Прозвучало обнадеживающе. Едва прибыв в Вудленд, Тиберий тут же напал на след пропавшего паладина, о котором не было вестей месяц. Невероятное везение! Шанс, упустить который никак нельзя.
— Целое войско нам в лесу не потребуется. Десять людей Винслоу, полторы дюжины ваших рыцарей, вы сами… Ещё четверо паладинов с оруженосцами и сир Робин — он доказал, что один стоит своры язычников. И Мартин, конечно: ведь он уже сражался с неверными. Выходит, нас добрых четыре десятка. Почти все — рыцари и сквайры. Братья, милорды, не сочтите за самонадеянность: думаю, мы несравнимо сильнее отряда Даглуса.
С этим суждением все молчаливо согласились. Тиберий поднялся.

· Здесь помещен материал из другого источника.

theorem theorem6:
  fixes \<nu> :: "real \<Rightarrow> real"
  assumes "continuous_on {0..1} \<nu>"
    and "\<forall>x\<in>{0..1}. \<nu> x > 0"
  shows "(\<forall>f f'. admissible \<nu> f f' \<longrightarrow> poincare_ineq \<nu> (weight_const \<nu>) f f')
       \<and> (\<forall>C < weight_const \<nu>. \<exists>f f'. admissible \<nu> f f' \<and> \<not> poincare_ineq \<nu> C f f')"
proof -
  interpret positive_weight \<nu>
    using assms by unfold_locales auto
  show ?thesis
    using poincare_ineq_weight_const weight_const_sharp by blast
qed

end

— Сир Робин! Вчера я спрашивал барона Клемента о возможности встречи с вами: наслышан о Робине Гаскойне как о прекрасном воине. Было бы чудесно сойтись с вами на ристалище прежде, чем такая честь выпадет цвету столичного рыцарства. Но, верно, обстоятельства складываются по-другому. Мне может улыбнуться удача стать вашим братом по оружию ещё более достойным способом. Вступив плечом к плечу в настоящий бой! Помолюсь о том, чтобы так и произошло.

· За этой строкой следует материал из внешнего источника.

end

theory Submission
  imports Defs "HOL-Real_Asymp.Real_Asymp"
begin

text \<open>The Hilbert transform of a step function f \<in> V_j is, off finitely many points, a finite
  combination of logarithms ln |t - \<alpha>| - ln |t - \<beta>|. For such g the principal value integral
  defining (H g)(x) exists at all but finitely many x, and the dilation t \<mapsto> t / \<omega> rescales its
  truncations by the factor sgn \<omega>; hence H (g (\<cdot> / \<omega>)) = sgn \<omega> \<cdot> (H g)(\<cdot> / \<omega>) almost everywhere.
  Since s_n = - H c_n acts by transposition, \<langle>s_n, g (\<cdot> / \<omega>)\<rangle> is the integral of c_n against
  H (g (\<cdot> / \<omega>)), and the substitution t = \<omega> u gives the claim.\<close>

subsection \<open>Integrability of logarithmic singularities\<close>

lemma isCont_x_ln_abs: "isCont (\<lambda>x::real. x * ln \<bar>x\<bar>) y"
proof (cases "y = 0")
  case True
  have "((\<lambda>x::real. x * ln \<bar>x\<bar>) \<longlongrightarrow> 0) (at_right 0)" by real_asymp
  moreover have "((\<lambda>x::real. x * ln \<bar>x\<bar>) \<longlongrightarrow> 0) (at_left 0)" by real_asymp
  ultimately have "((\<lambda>x::real. x * ln \<bar>x\<bar>) \<longlongrightarrow> 0) (at 0)"
    by (intro filterlim_split_at)
  then show ?thesis using True by (simp add: isCont_def)
next
  case False
  then show ?thesis by (intro continuous_intros) auto
qed

lemma has_real_derivative_ln_abs_diff:
  assumes "u \<noteq> c"
  shows "((\<lambda>u::real. ln \<bar>u - c\<bar>) has_real_derivative 1 / (u - c)) (at u)"
proof (cases "u > c")
  case True
  have "((\<lambda>u::real. ln (u - c)) has_real_derivative 1 / (u - c)) (at u)"
    using True by (auto intro!: derivative_eq_intros)
  then show ?thesis
    by (rule has_field_derivative_transform_within_open[of _ _ _ "{c<..}"]) (use True in auto)
next
  case False
  with assms have "u < c" by auto
  have "((\<lambda>u::real. ln (c - u)) has_real_derivative 1 / (u - c)) (at u)"
    using \<open>u < c\<close> by (auto intro!: derivative_eq_intros simp: field_simps)
  then show ?thesis
    by (rule has_field_derivative_transform_within_open[of _ _ _ "{..<c}"]) (use \<open>u < c\<close> in auto)
qed

lemma ln_abs_diff_integrable_on: "(\<lambda>u::real. ln \<bar>u - c\<bar>) integrable_on {a..b}"
proof (cases "a \<le> b")
  case True
  define F where "F u = (u - c) * ln \<bar>u - c\<bar> - (u - c)" for u :: real
  have "(F has_vector_derivative ln \<bar>u - c\<bar>) (at u)" if "u \<noteq> c" for u
  proof -
    have "(F has_real_derivative 1 * ln \<bar>u - c\<bar> + 1 / (u - c) * (u - c) - 1) (at u)"
      unfolding F_def
      by (intro DERIV_diff DERIV_mult has_real_derivative_ln_abs_diff that)
         (auto intro!: derivative_eq_intros)
    then show ?thesis
      using that by (simp add: has_real_derivative_iff_has_vector_derivative)
  qed
  moreover have "isCont F u" for u
  proof -
    have "isCont (\<lambda>u. (u - c) * ln \<bar>u - c\<bar>) u"
      by (rule isCont_o2[OF _ isCont_x_ln_abs]) (intro continuous_intros)
    then show ?thesis unfolding F_def by (rule continuous_diff) (intro continuous_intros)
  qed
  ultimately have "((\<lambda>u. ln \<bar>u - c\<bar>) has_integral F b - F a) {a..b}"
    using True
    by (intro fundamental_theorem_of_calculus_interior_strong[of "{c}"]
        continuous_at_imp_continuous_on) auto
  then show ?thesis by blast
next
  case False
  then show ?thesis by (simp add: integrable_on_empty)
qed

text \<open>ln |u - c| is bounded above on {a..b} by some M, and the integrable function
  M - ln |u - c| is nonnegative, hence absolutely integrable.\<close>
lemma ln_abs_diff_absolutely_integrable_on:
  "(\<lambda>u::real. ln \<bar>u - c\<bar>) absolutely_integrable_on {a..b}"
proof -
  define M where "M = max 0 (ln (\<bar>a - c\<bar> + \<bar>b - c\<bar>))"
  have le: "ln \<bar>u - c\<bar> \<le> M" if "u \<in> {a..b}" for u
  proof (cases "u = c")
    case False
    have "\<bar>u - c\<bar> \<le> \<bar>a - c\<bar> + \<bar>b - c\<bar>" using that by auto
    then have "ln \<bar>u - c\<bar> \<le> ln (\<bar>a - c\<bar> + \<bar>b - c\<bar>)"
      using False by (subst ln_le_cancel_iff) auto
    then show ?thesis by (simp add: M_def)
  qed (simp add: M_def)
  have "(\<lambda>u. M - ln \<bar>u - c\<bar>) integrable_on {a..b}"
    by (intro integrable_diff ln_abs_diff_integrable_on integrable_const_ivl)
  then have "(\<lambda>u. M - ln \<bar>u - c\<bar>) absolutely_integrable_on {a..b}"
    by (rule nonnegative_absolutely_integrable_1) (use le in auto)
  moreover have "(\<lambda>u::real. M) absolutely_integrable_on {a..b}"
    by (intro absolutely_integrable_continuous_real continuous_on_const)
  ultimately have "(\<lambda>u. M - (M - ln \<bar>u - c\<bar>)) absolutely_integrable_on {a..b}"
    using set_integral_diff(1) by blast
  then show ?thesis by simp
qed

lemma borel_measurable_imp_lebesgue_on:
  "(f::real \<Rightarrow> real) \<in> borel_measurable borel \<Longrightarrow> f \<in> borel_measurable (lebesgue_on S)"
  by (simp add: measurable_completion measurable_restrict_space1)

lemma ln_abs_diff_divide_absolutely_integrable_on:
  fixes a b c :: real
  assumes "0 < a"
  shows "(\<lambda>s. ln \<bar>s - c\<bar> / s) absolutely_integrable_on {a..b}"
proof -
  have "(\<lambda>s. (1 / s) * ln \<bar>s - c\<bar>) absolutely_integrable_on {a..b}"
  proof (rule absolutely_integrable_bounded_measurable_product_real
      [OF _ _ _ ln_abs_diff_absolutely_integrable_on])
    show "(\<lambda>s::real. 1 / s) \<in> borel_measurable (lebesgue_on {a..b})"
      by (rule borel_measurable_imp_lebesgue_on) measurable
    have "norm (1 / s) \<le> 1 / a" if "s \<in> {a..b}" for s
      using that assms by (simp add: field_simps)
    then show "bounded ((\<lambda>s::real. 1 / s) ` {a..b})"
      unfolding bounded_iff by blast
  qed auto
  then show ?thesis by simp
qed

Юный рыцарь также встал, польщённый этими словами, и поклонился — пусть поклон вышел не таким изящным, как принятый при королевском дворе. Этот юноша импонировал магистру: самая суть рыцарства, без чего-либо наносного. Весь в отца.

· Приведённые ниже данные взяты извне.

(* Let $X$ be a closed subspace of a real Banach space $Y$. The following are equivalent: (a) The pair $(X,Y)$ has the Daugavet property. (b) For every $\varepsilon>0$, every $y\in S(Y)$ and every weakly open set $U\subset X$ with $U\cap B(X)\neq\emptyset$, there is a weakly open set $V\subset X$ with $V\cap B(X)\neq\emptyset$ and $V\cap B(X)\subset U\cap B(X)$ such that $\|v+y\|>2-\varepsilon$ for every $v\in V\cap B(X)$. (c) For every $\varepsilon>0$, every $x^*\in S(X^* )$ and every weak$^*$ open set $U\subset Y^*$ with $U\cap B(Y^* )\neq\emptyset$, there is a weak$^*$ open set $V\subset Y^*$ with $V\cap B(Y^* )\neq\emptyset$ and $V\cap B(Y^* )\subset U\cap B(Y^* )$ such that $\|v|_X+x^*\|>2-\varepsilon$ for every $v\in V\cap B(Y^* )$.
   Context: $B(Z)$ and $S(Z)$ denote the closed unit ball and unit sphere of a Banach space $Z$. If $X$ is a closed subspace of a Banach space $Y$ and $J:X\to Y$ is the inclusion map, the pair $(X,Y)$ is said to have the Daugavet property (to be a Daugavet pair) if every bounded linear operator $T:X\to Y$ of rank one satisfies $\|J+T\|=1+\|T\|$. For $v\in Y^*$, $v|_X$ denotes its restriction to $X$. *)

theory Defs
  imports "HOL-Analysis.Analysis"
begin

text \<open>Linear maps defined on a subspace X (values outside X are irrelevant).\<close>
definition lin_on :: "'a::real_vector set \<Rightarrow> ('a \<Rightarrow> 'b::real_vector) \<Rightarrow> bool" where
  "lin_on X T \<longleftrightarrow> (\<forall>x\<in>X. \<forall>y\<in>X. T (x + y) = T x + T y) \<and> (\<forall>c. \<forall>x\<in>X. T (c *\<^sub>R x) = c *\<^sub>R T x)"

definition bdd_lin_on :: "'a::real_normed_vector set \<Rightarrow> ('a \<Rightarrow> 'b::real_normed_vector) \<Rightarrow> bool" where
  "bdd_lin_on X T \<longleftrightarrow> lin_on X T \<and> (\<exists>K. \<forall>x\<in>X. norm (T x) \<le> K * norm x)"

definition unit_ball_on :: "'a::real_normed_vector set \<Rightarrow> 'a set" where
  "unit_ball_on X = {x\<in>X. norm x \<le> 1}"

definition op_norm_on :: "'a::real_normed_vector set \<Rightarrow> ('a \<Rightarrow> 'b::real_normed_vector) \<Rightarrow> real" where
  "op_norm_on X T = (SUP x\<in>unit_ball_on X. norm (T x))"

definition daugavet_pair :: "'y::real_normed_vector set \<Rightarrow> bool" where
  "daugavet_pair X \<longleftrightarrow> (\<forall>T :: 'y \<Rightarrow> 'y. bdd_lin_on X T \<and> dim (span (T ` X)) = 1 \<longrightarrow>
      op_norm_on X (\<lambda>x. x + T x) = 1 + op_norm_on X T)"

definition dual_on :: "'a::real_normed_vector set \<Rightarrow> ('a \<Rightarrow> real) set" where
  "dual_on X = {f. bdd_lin_on X f}"

definition weak_top :: "'a::real_normed_vector set \<Rightarrow> 'a topology" where
  "weak_top X = topology_generated_by {{x\<in>X. f x \<in> W} | f W. f \<in> dual_on X \<and> open W}"

definition dual_space :: "('a::real_normed_vector \<Rightarrow> real) set" where
  "dual_space = {v. bounded_linear v}"

definition weak_star_top :: "('a::real_normed_vector \<Rightarrow> real) topology" where
  "weak_star_top = topology_generated_by {{v\<in>dual_space. v y \<in> W} | y W. open W}"

definition dual_unit_ball :: "('a::real_normed_vector \<Rightarrow> real) set" where
  "dual_unit_ball = {v\<in>dual_space. onorm v \<le> 1}"

end

theory Submission
  imports Defs
begin

text \<open>
  A rank-one operator \<open>T x = x\<^sup>*(x) y\<close> shows that \<open>(X, Y)\<close> is a Daugavet pair iff every slice
  \<open>{x \<in> B(X). x\<^sup>*(x) > 1 - \<epsilon>}\<close> contains some \<open>x\<close> with \<open>norm (x + y) > 2 - \<epsilon>\<close>; by Hahn--Banach
  this is equivalent to the analogous statement for weak-star slices of \<open>B(Y\<^sup>*)\<close>.

  To pass from slices to weakly open sets we use Bourgain's lemma: a relatively weakly open
  subset of the ball contains every convex combination \<open>\<Sum>\<lambda>\<^sub>j \<kappa>\<^sub>j\<close> of points taken from suitable
  finitely many slices. Applying the slice property slice after slice yields \<open>\<kappa>\<^sub>j\<close> with
  \<open>norm (y + \<Sum>\<kappa>\<^sub>j)\<close> close to its maximum \<open>1 + m\<close>. A functional norming this sum is then close to
  \<open>1\<close> on \<open>y\<close>, on every \<open>\<kappa>\<^sub>j\<close> and hence on their convex combination, and the slice it defines
  inside the given open set is the required \<open>V\<close>. The weak-star case is symmetric.

  There it follows from the fact that the points of a bounded set which
  are almost farthest from some centre carry small slices.
\<close>

section \<open>The Hahn--Banach theorem\<close>

definition dominated_linear_graph :: "('a::real_normed_vector \<times> real) set \<Rightarrow> bool" where
  "dominated_linear_graph G \<longleftrightarrow> (0, 0) \<in> G
     \<and> (\<forall>x a y b. (x, a) \<in> G \<longrightarrow> (y, b) \<in> G \<longrightarrow> (x + y, a + b) \<in> G)
     \<and> (\<forall>x a c. (x, a) \<in> G \<longrightarrow> (c *\<^sub>R x, c * a) \<in> G)
     \<and> (\<forall>x a. (x, a) \<in> G \<longrightarrow> a \<le> norm x)"

lemma dominated_linear_graphD:
  assumes "dominated_linear_graph G"
  shows "(0, 0) \<in> G"
    and "(x, a) \<in> G \<Longrightarrow> (y, b) \<in> G \<Longrightarrow> (x + y, a + b) \<in> G"
    and "(x, a) \<in> G \<Longrightarrow> (c *\<^sub>R x, c * a) \<in> G"
    and "(x, a) \<in> G \<Longrightarrow> a \<le> norm x"
  using assms unfolding dominated_linear_graph_def by blast+

lemma dominated_linear_graph_unique:
  assumes G: "dominated_linear_graph G" and "(x, a) \<in> G" "(x, b) \<in> G"
  shows "a = b"
proof -
  have "(x + (-1) *\<^sub>R x, a + (-1) * b) \<in> G" "(x + (-1) *\<^sub>R x, b + (-1) * a) \<in> G"
    using assms by (meson dominated_linear_graphD(2,3))+
  then have "a - b \<le> 0" "b - a \<le> 0"
    using dominated_linear_graphD(4)[OF G] by fastforce+
  then show ?thesis by simp
qed

lemma dominated_linear_graph_Union:
  assumes "C \<noteq> {}" and dom: "\<And>G. G \<in> C \<Longrightarrow> dominated_linear_graph G"
    and chain: "\<And>G H. G \<in> C \<Longrightarrow> H \<in> C \<Longrightarrow> G \<subseteq> H \<or> H \<subseteq> G"
  shows "dominated_linear_graph (\<Union>C)"
proof -
  have common: "\<exists>G\<in>C. p \<in> G \<and> q \<in> G" if "p \<in> \<Union>C" "q \<in> \<Union>C" for p q
    using that chain by blast
  show ?thesis
    unfolding dominated_linear_graph_def
  proof (intro conjI allI impI)
    show "(0, 0) \<in> \<Union>C"
      using assms(1) dom dominated_linear_graphD(1) by blast
  next
    fix x a y b assume "(x, a) \<in> \<Union>C" "(y, b) \<in> \<Union>C"
    then show "(x + y, a + b) \<in> \<Union>C"
      using common dom dominated_linear_graphD(2) by (metis UnionI)
  next
    fix x a c assume "(x, a) \<in> \<Union>C"
    then show "(c *\<^sub>R x, c * a) \<in> \<Union>C"
      using dom dominated_linear_graphD(3) by blast
  next
    fix x a assume "(x, a) \<in> \<Union>C"
    then show "a \<le> norm x"
      using dom dominated_linear_graphD(4) by blast
  qed
qed

lemma dominated_linear_graph_adjoin_le:
  assumes G: "dominated_linear_graph G" and xa: "(x, a) \<in> G"
    and r_ge: "\<And>x a. (x, a) \<in> G \<Longrightarrow> a - norm (x - z) \<le> r"
    and r_le: "\<And>w b. (w, b) \<in> G \<Longrightarrow> r \<le> norm (w + z) - b"
  shows "a + t * r \<le> norm (x + t *\<^sub>R z)"
proof (cases t "0 :: real" rule: linorder_cases)
  case less
  have "x + t *\<^sub>R z = (- t) *\<^sub>R ((1 / - t) *\<^sub>R x - z)"
    using less by (simp add: scaleR_diff_right)
  then have "norm (x + t *\<^sub>R z) = - t * norm ((1 / - t) *\<^sub>R x - z)"
    using less by simp
  moreover have "(1 / - t) * a - norm ((1 / - t) *\<^sub>R x - z) \<le> r"
    using r_ge G xa by (meson dominated_linear_graphD(3))
  ultimately show ?thesis
    using less by (simp add: field_simps)
next
  case equal
  then show ?thesis using G xa by (simp add: dominated_linear_graphD(4))
next
  case greater
  have "x + t *\<^sub>R z = t *\<^sub>R ((1 / t) *\<^sub>R x + z)"
    using greater by (simp add: scaleR_add_right)
  then have "norm (x + t *\<^sub>R z) = t * norm ((1 / t) *\<^sub>R x + z)"
    using greater by simp
  moreover have "r \<le> norm ((1 / t) *\<^sub>R x + z) - (1 / t) * a"
    using r_le G xa by (meson dominated_linear_graphD(3))
  ultimately show ?thesis
    using greater by (simp add: field_simps)
qed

— Почту за честь стать вашим братом по оружию любым способом.
Глава 6
Молодые люди живут будущим, а барон Гаскойн давно вошёл в ту пору, когда человек начинает жить прошлым. Ничего плохого в этом лорд не видел. Отец много лет назад сказал: единственный способ жить — это стареть.
Лорд Клемент любил рассказывать о былом — а ему было что рассказать. Особенно барон ценил такую возможность в последнее время: благодарных слушателей в лице подрастающих Робина и принца Бернарда под рукой больше не было. Один покинул Фиршилд, другой просто вырос.
Теперь-то слушатели появились. С тех пор, как Тиберий выехал в Колуэй, занятий у паладинов было два: молитвы и рассказы старого рыцаря. А паладины, что ни говори, настоящие воины. Истории Клемента были им очень интересны.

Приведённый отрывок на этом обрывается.